Throughout the years, the sport which has adhered most religiously to this anti-sex doctrine has been boxing. In Mendoza's Modern Art of Boxing, published near the end of the 18th century, the author warns the would be fistic to "Be sure you take care to avoid excess either in food, wine or women." Captain Robert Barclay, a strongman, fighter, and boxing patron of the early 1800s, revolutionized the boxer's training regimen. He was a firm believer in the benefits of regular bowel movements, sucking raw eggs in the morning, and avoidance of the old in/out, "The sexual intercourse," wrote Captain Barclay, "must vanish and be no more heard from within the first week of training."

A Round in Bed Before a Round in the Ring

Boxers have generally followed the "no-nookie" rule while in training for fights… but there have been exceptions. One of the most notable of these was the "Pittsburgh Windmill," Harry Greb. At the height of his career in the mid-1920s, Greb held both the Middleweight and Light-Heavyweight championships of the world (the latter having been snatched from the powerful hands of Gene Tunney). Pound for proverbial pound, Greb was one of the best barroom brawlers who ever stepped through the velvet ropes. In addition to his victory over Tunney and his domination of the Welterweight and Middleweight divisions, Harry reportedly had a couple of training bouts with Jack Dempsey in which he greatly embarrassed that legendary champion.
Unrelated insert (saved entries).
theorem proposition4p5:
  fixes a b :: real and f :: "real \<Rightarrow> real set"
  assumes "a < b"
    and "\<forall>x\<in>{a..b}. f x \<noteq> {} \<and> compact (f x)"
    and "\<forall>x\<in>{a..b}. \<forall>e>0. \<exists>d>0. \<forall>y\<in>{a..b}. \<bar>y - x\<bar> < d \<longrightarrow> hausdorff_dist (f y) (f x) < e"
  shows "is_interval {\<bar>x - y\<bar> + hausdorff_dist (f x) (f y) | x y. x \<in> {a..b} \<and> y \<in> {a..b}}
    \<and> hausdorff_dim {\<bar>x - y\<bar> + hausdorff_dist (f x) (f y) | x y. x \<in> {a..b} \<and> y \<in> {a..b}} = 1
    \<and> lower_box_dim {\<bar>x - y\<bar> + hausdorff_dist (f x) (f y) | x y. x \<in> {a..b} \<and> y \<in> {a..b}} = 1
    \<and> upper_box_dim {\<bar>x - y\<bar> + hausdorff_dist (f x) (f y) | x y. x \<in> {a..b} \<and> y \<in> {a..b}} = 1"
proof -
  define D where "D = {\<bar>x - y\<bar> + hausdorff_dist (f x) (f y) | x y. x \<in> {a..b} \<and> y \<in> {a..b}}"
  define g where "g p = dist (fst p) (snd p) + hausdorff_dist (f (fst p)) (f (snd p))" for p
  have ne_bdd: "\<And>x. x \<in> {a..b} \<Longrightarrow> f x \<noteq> {} \<and> bounded (f x)"
    using assms(2) compact_imp_bounded by blast
  have "continuous_on ({a..b} \<times> {a..b}) g"
    unfolding g_def
    by (intro continuous_intros continuous_on_hausdorff_dist_pair ne_bdd)
      (use assms(3) in \<open>auto simp: dist_real_def\<close>)
  moreover have D_image: "D = g ` ({a..b} \<times> {a..b})"
    unfolding D_def g_def by (force simp: dist_real_def)
  ultimately have "compact D" "connected D"
    by (auto intro: compact_continuous_image connected_continuous_image compact_Times connected_Times)
  moreover have "0 \<in> D"
    unfolding D_image g_def using assms(1) hausdorff_dist_self ne_bdd
    by (intro image_eqI[of _ _ "(a, a)"]) auto
  moreover have "t \<in> D \<Longrightarrow> 0 \<le> t" for t
    unfolding D_def using hausdorff_dist_nonneg ne_bdd by fastforce
  ultimately obtain M where M: "D = {0..M}" by (rule compact_connected_nonneg_eq_Icc_0)
  have "b - a + hausdorff_dist (f b) (f a) \<in> D"
    unfolding D_def using assms(1) by (intro CollectI exI[of _ b] exI[of _ a]) auto
  then have "0 < M"
    using M assms(1) hausdorff_dist_nonneg[of "f b" "f a"] ne_bdd by force
  then show ?thesis
    unfolding D_def[symmetric] M using hausdorff_dim_Icc box_dims_Icc by simp
qed

end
Greb was a notorious boozer and womanizer. His bouts in bars and bedrooms all over the country are very nearly as famous as those he had in the ring. It was a matter of practice for Greb to partake in healthy doses of both booze and broads on the eve of important fights. And, he was interrupted on more than one occasion in the act of humping some all-too-willing woman in his dressing room, mere moments before the opening bell.

Of more recently renown champion prizefighters, none was more devoted to sexual abstinence in training than Muhammad Ali. While Ali's voracious sexual appetite is legend, he apparently always managed to stick to a strict sex-diet during the long, arduous weeks of training. At this training camp in Deer Lake, Pennsylvania, Ali and his wife-of-the-moment slept in separate log cabins. Camp residents swear that nocturnal visits between the two cabins were highly rare, if at all.

Said Ali in comparing the training methods of old with those of his hay-day, "There ain't but one way to train. Running is the same, punching the bag is the same, jumping rope's the same, resting and going to camp, following the dietary laws… Clean living is the same. It's grueling, it's rough, it's agony."

Presumably for Ali, the "clean living" was the greatest agony of all.

In sports other than boxing, sex-and-training taboos are far less prevalent, However, many football, basketball, and baseball coaches still attempt to seclude their players during the first few weeks of the new season. Curfews are routinely exercised as much to keep players "out of the saddle" as in the sack at a certain hour, and avoidance of sex on the eve of the game remains a common practice. Though most coaches will claim not to discourage their players from having sex before "The Big Game," a good many of them—particularly the "old schoolers"—still believe carnal indulgence to be harmful to performance. Some of the players themselves, mindful of the coach's feelings, will abstain. Better to get some action on the field and then some again after a big win, if you know what I mean.

No Frisking for Football Players

The ex-girlfriend of a still famous, but aging, pro football wide receiver was surprised and dismayed at how their sexual activity declined drastically during the season. When not in training, they enjoyed sex at least four or five times a week, but once football season started, the stud jock could barely get it up one night a week. The girl remained frustrated from July through September.

"When it first began to happen," she says, recalling that nearly sexless stretch, "I just assumed that the practices and games wore him down physically to the point where he didn't have any energy for sex left. But he seemed to have lots of energy for partying and everything else. I was reasonably sure he wasn't getting 'it' somewhere else."

She asked around and did some research on the subject of sex during training and found out that, yes, it was a common practice years ago, though not widely followed today. She decided to conduct her own little experiment that very Saturday night.

"Another thing I noticed was that we never—I mean never—had sex the night before a game... even though he often came to bed with a big hard-on sticking out of his shorts. I'd start trying to initiate something, but he'd say he was tired and roll over. One day, I got up the nerve to ask him about it, and he eventually gave me this story about how sex made him weak, and that he needed all his ‘juice' for the game. I had never heard that before. I thought he was kidding and started laughing my head off. He got really upset and didn't talk to me the whole next day."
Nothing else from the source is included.